◆ TASK ◆
Leave out all lines before the one containing "finally show ?thesis", and copy that line and all the rest below it exactly.

○ ○ ○ ○ ○ ○ ○

lemma Lp_norm_less_if_nn_integral_less:
  assumes "p \<noteq> \<infinity>" "0 < enn2real p" "0 < \<epsilon>"
    and less: "(\<integral>\<^sup>+ x. ennreal (\<bar>g x\<bar> powr enn2real p) \<partial>lborel) < ennreal (\<epsilon> powr enn2real p)"
  shows "Lp_norm p g < ennreal \<epsilon>"
proof -
  define P where "P = enn2real p"
  define I where "I = (\<integral>\<^sup>+ x. ennreal (\<bar>g x\<bar> powr P) \<partial>lborel)"
  have "0 < P" using assms(2) by (simp add: P_def)
  have "I < \<infinity>" unfolding I_def P_def using less by (rule order.strict_trans) simp
  have "enn2real I < \<epsilon> powr P" using \<open>I < \<infinity>\<close> less by (simp add: I_def P_def)
  then have "enn2real I powr (1 / P) < (\<epsilon> powr P) powr (1 / P)"
    using \<open>0 < P\<close> by (intro powr_less_mono2) auto
  also have "\<dots> = \<epsilon>" using \<open>0 < \<epsilon>\<close> \<open>0 < P\<close> by (simp add: powr_powr)
  moreover have "Lp_norm p g = ennreal (enn2real I powr (1 / P))"
    using \<open>p \<noteq> \<infinity>\<close> \<open>I < \<infinity>\<close> by (simp add: Lp_norm_def nn_integral_completion I_def P_def Let_def)
  ultimately show ?thesis using \<open>0 < \<epsilon>\<close> by (simp add: ennreal_lessI)
qed

lemma ex_pos_powr_times_less:
  fixes V \<eta> P :: real
  assumes "0 \<le> V" "0 < \<eta>" "0 < P"
  shows "\<exists>\<delta>>0. \<delta> powr P * V < \<eta>"
proof -
  define \<delta> where "\<delta> = (\<eta> / (V + 1)) powr (1 / P)"
  have "\<delta> > 0" unfolding \<delta>_def using assms by simp
  have \<delta>_powr: "\<delta> powr P = \<eta> / (V + 1)" unfolding \<delta>_def using assms by (simp add: powr_powr)
  have "\<delta> powr P * V < \<delta> powr P * (V + 1)" using \<open>\<delta> > 0\<close> by simp
  also have "\<dots> = \<eta>" unfolding \<delta>_powr using assms by simp
  finally show ?thesis using \<open>\<delta> > 0\<close> by blast
qed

○ ○ ○ ○ ○ ○ ○

◆ ANSWER FOR THIS EXERCISE ◆
  finally show ?thesis using \<open>\<delta> > 0\<close> by blast
qed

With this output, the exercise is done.